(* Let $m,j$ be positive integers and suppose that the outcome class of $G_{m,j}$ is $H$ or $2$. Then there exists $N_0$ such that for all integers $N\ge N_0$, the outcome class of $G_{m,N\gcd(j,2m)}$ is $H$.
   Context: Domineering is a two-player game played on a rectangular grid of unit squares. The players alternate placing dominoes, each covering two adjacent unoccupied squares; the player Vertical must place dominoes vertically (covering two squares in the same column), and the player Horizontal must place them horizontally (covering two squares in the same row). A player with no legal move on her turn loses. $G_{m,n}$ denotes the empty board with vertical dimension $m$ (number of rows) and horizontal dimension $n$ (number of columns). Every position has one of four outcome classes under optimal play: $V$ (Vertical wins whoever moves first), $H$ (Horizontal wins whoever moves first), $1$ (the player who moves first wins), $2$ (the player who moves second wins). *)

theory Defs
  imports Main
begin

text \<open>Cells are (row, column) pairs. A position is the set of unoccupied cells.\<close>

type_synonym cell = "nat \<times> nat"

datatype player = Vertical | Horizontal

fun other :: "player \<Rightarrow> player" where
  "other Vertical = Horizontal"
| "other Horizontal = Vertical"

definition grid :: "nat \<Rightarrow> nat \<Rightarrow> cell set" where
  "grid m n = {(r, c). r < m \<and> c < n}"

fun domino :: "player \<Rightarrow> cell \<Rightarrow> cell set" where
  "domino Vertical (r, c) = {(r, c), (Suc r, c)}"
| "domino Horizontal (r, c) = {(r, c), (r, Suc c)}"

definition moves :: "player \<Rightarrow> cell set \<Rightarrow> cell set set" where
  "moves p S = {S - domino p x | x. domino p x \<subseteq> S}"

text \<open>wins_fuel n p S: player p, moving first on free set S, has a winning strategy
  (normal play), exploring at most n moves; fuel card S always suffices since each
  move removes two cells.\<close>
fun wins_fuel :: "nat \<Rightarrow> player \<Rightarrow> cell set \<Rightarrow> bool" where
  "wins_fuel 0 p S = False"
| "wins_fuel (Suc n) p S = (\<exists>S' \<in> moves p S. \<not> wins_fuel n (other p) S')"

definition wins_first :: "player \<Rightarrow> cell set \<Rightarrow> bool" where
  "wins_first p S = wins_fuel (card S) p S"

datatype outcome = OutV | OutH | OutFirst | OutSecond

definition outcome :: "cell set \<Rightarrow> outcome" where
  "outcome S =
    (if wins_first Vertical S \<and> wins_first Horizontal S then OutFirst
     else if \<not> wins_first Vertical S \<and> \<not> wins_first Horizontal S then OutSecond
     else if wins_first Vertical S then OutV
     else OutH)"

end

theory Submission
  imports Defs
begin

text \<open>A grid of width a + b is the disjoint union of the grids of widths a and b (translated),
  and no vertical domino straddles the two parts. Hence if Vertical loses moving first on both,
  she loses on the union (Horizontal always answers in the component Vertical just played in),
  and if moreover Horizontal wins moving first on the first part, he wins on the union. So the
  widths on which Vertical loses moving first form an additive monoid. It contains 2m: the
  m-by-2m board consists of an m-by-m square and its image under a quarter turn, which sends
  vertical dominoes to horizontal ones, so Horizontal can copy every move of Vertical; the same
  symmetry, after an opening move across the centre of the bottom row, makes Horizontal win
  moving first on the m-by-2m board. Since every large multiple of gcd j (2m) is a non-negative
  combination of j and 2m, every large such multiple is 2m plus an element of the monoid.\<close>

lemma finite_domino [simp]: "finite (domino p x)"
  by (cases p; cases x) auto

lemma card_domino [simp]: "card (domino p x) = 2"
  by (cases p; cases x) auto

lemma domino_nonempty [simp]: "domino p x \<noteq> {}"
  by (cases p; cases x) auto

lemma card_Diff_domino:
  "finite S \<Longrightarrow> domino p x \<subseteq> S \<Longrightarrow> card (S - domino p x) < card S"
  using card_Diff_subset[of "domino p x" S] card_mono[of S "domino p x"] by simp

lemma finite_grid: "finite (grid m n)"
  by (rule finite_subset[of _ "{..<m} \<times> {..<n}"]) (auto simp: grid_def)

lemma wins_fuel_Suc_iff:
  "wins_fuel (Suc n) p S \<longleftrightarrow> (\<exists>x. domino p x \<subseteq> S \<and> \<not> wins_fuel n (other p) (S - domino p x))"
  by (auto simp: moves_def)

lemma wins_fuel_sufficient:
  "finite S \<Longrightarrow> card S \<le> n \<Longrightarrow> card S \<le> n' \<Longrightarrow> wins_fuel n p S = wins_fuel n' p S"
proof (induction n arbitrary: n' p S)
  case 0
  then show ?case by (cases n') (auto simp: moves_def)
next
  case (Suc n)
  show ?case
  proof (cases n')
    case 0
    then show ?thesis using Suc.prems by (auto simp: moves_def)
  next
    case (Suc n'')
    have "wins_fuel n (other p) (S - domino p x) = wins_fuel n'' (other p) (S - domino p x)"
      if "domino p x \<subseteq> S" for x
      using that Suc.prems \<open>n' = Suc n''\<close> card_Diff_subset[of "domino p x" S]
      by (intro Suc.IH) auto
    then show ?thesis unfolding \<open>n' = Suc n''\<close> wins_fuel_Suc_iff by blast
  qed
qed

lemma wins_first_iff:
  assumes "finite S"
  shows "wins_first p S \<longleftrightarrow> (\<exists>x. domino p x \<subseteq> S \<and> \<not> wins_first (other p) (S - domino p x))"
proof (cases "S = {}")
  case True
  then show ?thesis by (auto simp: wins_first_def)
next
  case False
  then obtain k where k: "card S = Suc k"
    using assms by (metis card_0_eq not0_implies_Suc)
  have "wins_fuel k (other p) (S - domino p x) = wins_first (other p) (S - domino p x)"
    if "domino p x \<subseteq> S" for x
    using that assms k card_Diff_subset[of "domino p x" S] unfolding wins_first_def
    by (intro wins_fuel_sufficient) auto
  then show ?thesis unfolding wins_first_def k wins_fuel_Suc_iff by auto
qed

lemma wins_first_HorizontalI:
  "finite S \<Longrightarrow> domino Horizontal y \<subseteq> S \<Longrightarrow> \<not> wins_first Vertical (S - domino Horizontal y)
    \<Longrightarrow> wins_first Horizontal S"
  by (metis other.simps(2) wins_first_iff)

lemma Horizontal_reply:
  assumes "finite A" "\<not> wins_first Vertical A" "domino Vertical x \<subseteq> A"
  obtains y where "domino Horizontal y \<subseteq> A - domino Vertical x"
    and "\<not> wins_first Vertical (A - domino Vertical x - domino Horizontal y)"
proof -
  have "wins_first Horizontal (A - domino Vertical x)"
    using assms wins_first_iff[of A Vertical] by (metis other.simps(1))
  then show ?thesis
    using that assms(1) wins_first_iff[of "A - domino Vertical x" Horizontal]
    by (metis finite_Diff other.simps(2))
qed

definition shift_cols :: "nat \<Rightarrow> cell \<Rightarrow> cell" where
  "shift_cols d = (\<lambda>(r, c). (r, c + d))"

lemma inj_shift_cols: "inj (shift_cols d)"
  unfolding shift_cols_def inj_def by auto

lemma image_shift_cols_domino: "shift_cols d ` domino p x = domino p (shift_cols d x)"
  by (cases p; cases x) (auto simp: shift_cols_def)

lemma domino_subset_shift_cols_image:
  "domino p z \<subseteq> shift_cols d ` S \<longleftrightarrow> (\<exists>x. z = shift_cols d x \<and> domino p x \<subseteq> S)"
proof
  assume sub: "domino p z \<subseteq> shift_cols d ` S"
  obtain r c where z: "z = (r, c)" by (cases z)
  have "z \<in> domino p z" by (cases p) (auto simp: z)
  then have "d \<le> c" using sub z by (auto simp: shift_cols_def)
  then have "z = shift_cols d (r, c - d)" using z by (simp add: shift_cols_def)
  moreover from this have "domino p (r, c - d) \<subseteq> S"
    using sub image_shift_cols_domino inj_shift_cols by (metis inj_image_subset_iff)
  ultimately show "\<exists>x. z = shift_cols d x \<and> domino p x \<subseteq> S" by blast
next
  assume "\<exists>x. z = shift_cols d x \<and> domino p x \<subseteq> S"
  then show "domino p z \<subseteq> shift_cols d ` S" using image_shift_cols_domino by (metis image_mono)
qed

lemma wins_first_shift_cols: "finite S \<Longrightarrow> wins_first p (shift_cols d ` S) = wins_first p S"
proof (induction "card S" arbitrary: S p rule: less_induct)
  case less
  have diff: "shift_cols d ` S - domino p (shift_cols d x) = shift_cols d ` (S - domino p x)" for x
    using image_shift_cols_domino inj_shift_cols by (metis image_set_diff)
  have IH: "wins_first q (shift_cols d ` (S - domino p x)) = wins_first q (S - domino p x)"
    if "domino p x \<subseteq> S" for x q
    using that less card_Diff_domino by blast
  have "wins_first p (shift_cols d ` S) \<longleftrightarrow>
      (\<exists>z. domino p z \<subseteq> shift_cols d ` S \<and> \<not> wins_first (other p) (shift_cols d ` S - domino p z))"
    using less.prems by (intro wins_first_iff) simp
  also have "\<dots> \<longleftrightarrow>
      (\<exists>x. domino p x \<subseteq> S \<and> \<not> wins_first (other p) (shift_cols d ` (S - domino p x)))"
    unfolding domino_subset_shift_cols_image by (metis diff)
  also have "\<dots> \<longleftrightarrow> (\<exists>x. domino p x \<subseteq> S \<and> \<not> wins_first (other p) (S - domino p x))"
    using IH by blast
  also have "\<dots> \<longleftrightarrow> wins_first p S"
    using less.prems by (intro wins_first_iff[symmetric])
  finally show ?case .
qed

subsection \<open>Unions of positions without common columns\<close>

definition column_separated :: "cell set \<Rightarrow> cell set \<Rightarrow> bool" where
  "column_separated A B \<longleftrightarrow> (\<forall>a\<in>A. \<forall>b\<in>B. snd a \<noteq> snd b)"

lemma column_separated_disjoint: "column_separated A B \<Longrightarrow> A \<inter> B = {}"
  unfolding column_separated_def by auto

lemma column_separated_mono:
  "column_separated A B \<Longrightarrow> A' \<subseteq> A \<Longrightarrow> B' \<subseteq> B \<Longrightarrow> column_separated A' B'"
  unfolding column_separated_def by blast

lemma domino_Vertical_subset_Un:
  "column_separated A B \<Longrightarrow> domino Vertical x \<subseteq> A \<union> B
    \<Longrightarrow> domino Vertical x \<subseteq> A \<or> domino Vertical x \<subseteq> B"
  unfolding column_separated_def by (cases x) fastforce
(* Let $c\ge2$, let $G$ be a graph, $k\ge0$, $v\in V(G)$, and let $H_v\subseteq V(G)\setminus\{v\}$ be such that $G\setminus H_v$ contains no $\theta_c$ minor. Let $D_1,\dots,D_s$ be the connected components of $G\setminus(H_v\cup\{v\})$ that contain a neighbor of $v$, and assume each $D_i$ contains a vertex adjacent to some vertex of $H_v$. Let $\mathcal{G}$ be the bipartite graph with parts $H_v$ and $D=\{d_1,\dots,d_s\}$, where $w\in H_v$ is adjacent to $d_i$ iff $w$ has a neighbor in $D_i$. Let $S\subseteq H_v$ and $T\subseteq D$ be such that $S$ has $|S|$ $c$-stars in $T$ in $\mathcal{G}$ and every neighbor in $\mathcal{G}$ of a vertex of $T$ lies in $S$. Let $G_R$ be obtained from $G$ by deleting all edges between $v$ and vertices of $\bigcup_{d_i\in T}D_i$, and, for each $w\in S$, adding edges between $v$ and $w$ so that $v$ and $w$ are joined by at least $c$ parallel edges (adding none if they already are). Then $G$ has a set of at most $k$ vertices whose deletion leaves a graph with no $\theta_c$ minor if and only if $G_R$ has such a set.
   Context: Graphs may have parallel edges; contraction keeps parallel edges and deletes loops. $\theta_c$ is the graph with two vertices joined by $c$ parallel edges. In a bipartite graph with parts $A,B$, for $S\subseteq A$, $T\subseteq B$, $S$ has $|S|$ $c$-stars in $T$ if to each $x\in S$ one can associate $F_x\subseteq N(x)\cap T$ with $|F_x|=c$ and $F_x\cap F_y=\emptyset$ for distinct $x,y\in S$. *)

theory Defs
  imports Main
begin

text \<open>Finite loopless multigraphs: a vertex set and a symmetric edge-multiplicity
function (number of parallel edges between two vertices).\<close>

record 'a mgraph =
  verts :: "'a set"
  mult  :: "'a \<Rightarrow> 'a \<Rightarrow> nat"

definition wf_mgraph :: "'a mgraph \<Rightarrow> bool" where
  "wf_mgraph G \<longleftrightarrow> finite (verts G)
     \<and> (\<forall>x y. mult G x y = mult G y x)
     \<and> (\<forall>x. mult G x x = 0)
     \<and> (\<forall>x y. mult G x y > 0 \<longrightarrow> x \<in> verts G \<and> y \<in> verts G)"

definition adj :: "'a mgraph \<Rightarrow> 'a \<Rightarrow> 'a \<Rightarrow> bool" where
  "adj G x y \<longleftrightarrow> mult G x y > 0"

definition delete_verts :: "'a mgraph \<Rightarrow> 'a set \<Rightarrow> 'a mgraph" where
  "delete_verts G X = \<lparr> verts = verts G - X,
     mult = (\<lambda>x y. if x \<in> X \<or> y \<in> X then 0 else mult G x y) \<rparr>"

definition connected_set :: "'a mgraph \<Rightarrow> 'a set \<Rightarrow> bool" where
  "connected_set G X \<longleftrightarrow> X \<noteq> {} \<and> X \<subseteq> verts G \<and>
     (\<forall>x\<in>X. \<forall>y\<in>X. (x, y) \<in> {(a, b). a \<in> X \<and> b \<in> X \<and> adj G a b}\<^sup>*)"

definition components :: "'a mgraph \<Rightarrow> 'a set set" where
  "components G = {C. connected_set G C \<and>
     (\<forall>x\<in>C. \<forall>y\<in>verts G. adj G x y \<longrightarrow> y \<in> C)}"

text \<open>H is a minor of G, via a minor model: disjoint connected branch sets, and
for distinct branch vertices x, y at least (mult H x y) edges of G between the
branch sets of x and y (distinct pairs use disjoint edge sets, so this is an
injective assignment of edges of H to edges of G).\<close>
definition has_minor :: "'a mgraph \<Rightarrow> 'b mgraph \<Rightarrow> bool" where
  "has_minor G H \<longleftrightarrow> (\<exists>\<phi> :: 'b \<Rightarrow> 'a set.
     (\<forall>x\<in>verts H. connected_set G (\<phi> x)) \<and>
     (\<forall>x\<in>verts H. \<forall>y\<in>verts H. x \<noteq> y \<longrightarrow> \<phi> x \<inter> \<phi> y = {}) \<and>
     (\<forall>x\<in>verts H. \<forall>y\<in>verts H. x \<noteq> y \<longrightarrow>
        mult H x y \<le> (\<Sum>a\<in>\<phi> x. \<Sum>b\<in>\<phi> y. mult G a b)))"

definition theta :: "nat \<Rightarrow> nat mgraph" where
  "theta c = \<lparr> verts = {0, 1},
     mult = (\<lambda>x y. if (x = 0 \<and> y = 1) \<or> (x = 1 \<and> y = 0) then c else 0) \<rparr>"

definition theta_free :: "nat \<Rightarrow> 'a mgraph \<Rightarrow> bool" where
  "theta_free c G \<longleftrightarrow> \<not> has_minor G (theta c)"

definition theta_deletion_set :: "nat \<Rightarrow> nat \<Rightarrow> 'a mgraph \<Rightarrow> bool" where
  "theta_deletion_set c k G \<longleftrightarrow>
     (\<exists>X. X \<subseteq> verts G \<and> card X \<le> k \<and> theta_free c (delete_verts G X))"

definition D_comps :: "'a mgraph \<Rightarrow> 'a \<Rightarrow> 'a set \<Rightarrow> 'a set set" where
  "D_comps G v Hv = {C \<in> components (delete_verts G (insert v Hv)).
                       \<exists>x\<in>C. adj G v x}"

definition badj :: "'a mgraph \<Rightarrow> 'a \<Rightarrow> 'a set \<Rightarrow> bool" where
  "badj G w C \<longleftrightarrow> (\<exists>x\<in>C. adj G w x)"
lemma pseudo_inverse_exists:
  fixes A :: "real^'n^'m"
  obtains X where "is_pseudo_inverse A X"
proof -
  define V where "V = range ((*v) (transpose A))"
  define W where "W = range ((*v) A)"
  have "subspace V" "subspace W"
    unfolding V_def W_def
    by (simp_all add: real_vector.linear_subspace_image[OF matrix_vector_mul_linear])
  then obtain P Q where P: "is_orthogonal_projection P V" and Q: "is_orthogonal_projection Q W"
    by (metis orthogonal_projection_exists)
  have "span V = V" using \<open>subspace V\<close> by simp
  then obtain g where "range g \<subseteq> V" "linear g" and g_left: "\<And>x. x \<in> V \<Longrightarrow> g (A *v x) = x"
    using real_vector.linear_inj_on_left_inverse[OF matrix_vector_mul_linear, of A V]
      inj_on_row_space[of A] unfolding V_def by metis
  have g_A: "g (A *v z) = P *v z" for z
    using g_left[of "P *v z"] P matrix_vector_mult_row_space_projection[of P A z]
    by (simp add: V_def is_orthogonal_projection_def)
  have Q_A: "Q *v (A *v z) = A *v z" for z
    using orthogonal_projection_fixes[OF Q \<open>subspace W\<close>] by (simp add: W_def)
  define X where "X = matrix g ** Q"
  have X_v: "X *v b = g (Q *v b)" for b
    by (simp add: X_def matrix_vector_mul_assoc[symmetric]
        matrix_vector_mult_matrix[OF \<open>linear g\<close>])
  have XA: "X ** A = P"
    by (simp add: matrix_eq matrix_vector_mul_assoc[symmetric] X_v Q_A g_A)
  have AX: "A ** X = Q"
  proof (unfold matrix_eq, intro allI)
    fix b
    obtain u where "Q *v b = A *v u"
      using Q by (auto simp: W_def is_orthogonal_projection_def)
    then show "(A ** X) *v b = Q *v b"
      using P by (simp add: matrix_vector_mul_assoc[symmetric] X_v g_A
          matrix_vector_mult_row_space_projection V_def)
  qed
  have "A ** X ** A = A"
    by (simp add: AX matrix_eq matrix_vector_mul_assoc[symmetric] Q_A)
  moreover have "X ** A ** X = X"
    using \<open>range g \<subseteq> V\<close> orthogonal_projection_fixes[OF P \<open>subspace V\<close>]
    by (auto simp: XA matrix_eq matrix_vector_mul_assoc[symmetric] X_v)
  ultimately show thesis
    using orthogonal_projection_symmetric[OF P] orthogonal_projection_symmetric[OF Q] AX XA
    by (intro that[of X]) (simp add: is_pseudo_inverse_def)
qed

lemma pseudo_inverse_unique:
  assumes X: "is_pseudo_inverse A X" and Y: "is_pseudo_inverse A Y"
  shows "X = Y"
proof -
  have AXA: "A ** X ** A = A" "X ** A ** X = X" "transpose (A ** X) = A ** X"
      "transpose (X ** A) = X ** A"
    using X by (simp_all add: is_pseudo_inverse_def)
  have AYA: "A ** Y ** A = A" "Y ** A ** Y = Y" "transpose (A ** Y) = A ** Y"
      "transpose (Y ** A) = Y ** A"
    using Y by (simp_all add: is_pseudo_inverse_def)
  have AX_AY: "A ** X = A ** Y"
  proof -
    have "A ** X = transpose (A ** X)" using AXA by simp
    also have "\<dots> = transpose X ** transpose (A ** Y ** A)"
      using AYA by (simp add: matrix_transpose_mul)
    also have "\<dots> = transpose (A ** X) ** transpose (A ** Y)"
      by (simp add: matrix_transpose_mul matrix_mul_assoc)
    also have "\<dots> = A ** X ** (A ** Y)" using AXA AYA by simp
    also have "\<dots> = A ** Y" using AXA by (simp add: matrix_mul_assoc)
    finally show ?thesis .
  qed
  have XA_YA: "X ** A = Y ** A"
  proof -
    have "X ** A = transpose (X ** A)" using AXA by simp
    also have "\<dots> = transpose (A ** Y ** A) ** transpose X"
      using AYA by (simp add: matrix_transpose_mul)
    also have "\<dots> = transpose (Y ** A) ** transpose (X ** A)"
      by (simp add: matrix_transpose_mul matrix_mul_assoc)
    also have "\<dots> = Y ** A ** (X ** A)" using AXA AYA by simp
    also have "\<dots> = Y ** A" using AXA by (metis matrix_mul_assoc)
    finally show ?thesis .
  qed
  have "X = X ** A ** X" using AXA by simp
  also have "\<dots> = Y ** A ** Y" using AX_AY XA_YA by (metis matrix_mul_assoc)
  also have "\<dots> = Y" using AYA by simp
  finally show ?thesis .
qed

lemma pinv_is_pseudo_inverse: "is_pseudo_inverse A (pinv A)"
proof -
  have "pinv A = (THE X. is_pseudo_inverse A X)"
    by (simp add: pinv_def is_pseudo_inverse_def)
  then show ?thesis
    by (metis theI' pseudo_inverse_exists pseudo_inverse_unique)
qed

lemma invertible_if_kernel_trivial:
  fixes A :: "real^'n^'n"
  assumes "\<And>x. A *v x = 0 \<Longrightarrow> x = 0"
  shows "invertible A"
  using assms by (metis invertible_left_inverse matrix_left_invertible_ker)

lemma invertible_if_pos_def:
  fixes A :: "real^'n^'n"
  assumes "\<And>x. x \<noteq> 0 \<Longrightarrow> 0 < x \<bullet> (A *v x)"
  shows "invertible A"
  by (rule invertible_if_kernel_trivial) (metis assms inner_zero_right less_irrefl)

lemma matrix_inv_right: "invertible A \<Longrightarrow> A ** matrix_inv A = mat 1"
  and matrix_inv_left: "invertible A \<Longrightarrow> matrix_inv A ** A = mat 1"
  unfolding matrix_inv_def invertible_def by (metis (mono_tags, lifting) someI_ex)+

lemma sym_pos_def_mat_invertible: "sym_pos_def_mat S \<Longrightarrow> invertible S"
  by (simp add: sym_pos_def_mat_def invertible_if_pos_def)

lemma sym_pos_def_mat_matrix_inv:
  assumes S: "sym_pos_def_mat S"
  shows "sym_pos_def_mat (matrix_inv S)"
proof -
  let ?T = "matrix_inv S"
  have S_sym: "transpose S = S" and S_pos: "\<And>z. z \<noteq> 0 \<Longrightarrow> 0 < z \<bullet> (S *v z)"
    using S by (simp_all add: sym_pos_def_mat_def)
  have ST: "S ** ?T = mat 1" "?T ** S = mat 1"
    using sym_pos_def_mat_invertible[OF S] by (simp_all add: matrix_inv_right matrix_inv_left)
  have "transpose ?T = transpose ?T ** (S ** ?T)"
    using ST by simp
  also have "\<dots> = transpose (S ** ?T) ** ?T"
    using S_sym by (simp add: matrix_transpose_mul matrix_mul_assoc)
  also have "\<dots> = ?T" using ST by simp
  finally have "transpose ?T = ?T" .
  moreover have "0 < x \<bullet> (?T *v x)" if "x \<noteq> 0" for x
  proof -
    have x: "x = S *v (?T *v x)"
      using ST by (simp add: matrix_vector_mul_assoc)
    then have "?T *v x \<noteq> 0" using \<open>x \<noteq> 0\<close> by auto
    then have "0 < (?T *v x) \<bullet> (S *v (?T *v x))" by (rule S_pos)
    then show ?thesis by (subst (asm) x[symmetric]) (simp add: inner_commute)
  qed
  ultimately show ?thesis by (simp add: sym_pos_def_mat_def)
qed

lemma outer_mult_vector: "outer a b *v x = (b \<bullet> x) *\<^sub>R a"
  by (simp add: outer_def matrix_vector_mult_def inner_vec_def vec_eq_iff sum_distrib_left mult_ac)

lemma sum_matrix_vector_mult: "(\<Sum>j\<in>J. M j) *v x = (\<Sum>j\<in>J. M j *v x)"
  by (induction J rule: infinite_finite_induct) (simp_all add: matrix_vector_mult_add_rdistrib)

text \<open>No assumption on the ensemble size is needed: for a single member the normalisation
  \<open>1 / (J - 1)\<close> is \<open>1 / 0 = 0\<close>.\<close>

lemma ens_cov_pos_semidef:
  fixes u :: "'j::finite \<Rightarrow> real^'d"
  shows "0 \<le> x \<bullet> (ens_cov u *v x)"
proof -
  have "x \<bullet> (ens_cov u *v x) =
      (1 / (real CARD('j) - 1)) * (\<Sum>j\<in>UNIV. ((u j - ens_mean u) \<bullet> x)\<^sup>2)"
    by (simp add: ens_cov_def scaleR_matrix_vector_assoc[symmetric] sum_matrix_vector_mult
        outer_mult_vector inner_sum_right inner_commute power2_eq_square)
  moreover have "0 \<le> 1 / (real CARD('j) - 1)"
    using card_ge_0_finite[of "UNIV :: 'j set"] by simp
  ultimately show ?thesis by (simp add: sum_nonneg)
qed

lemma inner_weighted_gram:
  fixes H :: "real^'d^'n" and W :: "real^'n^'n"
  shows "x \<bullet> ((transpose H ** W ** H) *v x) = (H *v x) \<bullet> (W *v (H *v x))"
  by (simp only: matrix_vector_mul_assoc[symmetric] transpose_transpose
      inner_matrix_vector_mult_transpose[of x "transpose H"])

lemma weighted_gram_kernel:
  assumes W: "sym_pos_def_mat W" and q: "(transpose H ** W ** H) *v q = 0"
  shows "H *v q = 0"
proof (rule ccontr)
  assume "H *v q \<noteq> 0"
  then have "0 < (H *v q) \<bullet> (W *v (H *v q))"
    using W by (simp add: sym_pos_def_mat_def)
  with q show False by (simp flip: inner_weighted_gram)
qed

+-------+

» Your task
Only the lines above starting at the line that holds "matrix_vector_mult_row_space_projection[of P A z]" and ending at the line that holds "matrix_vector_mult_matrix[OF \<open>linear g\<close>])" are to be repeated, exactly and in full.

» Task output
    using g_left[of "P *v z"] P matrix_vector_mult_row_space_projection[of P A z]
    by (simp add: V_def is_orthogonal_projection_def)
  have Q_A: "Q *v (A *v z) = A *v z" for z
    using orthogonal_projection_fixes[OF Q \<open>subspace W\<close>] by (simp add: W_def)
  define X where "X = matrix g ** Q"
  have X_v: "X *v b = g (Q *v b)" for b
    by (simp add: X_def matrix_vector_mul_assoc[symmetric]
        matrix_vector_mult_matrix[OF \<open>linear g\<close>])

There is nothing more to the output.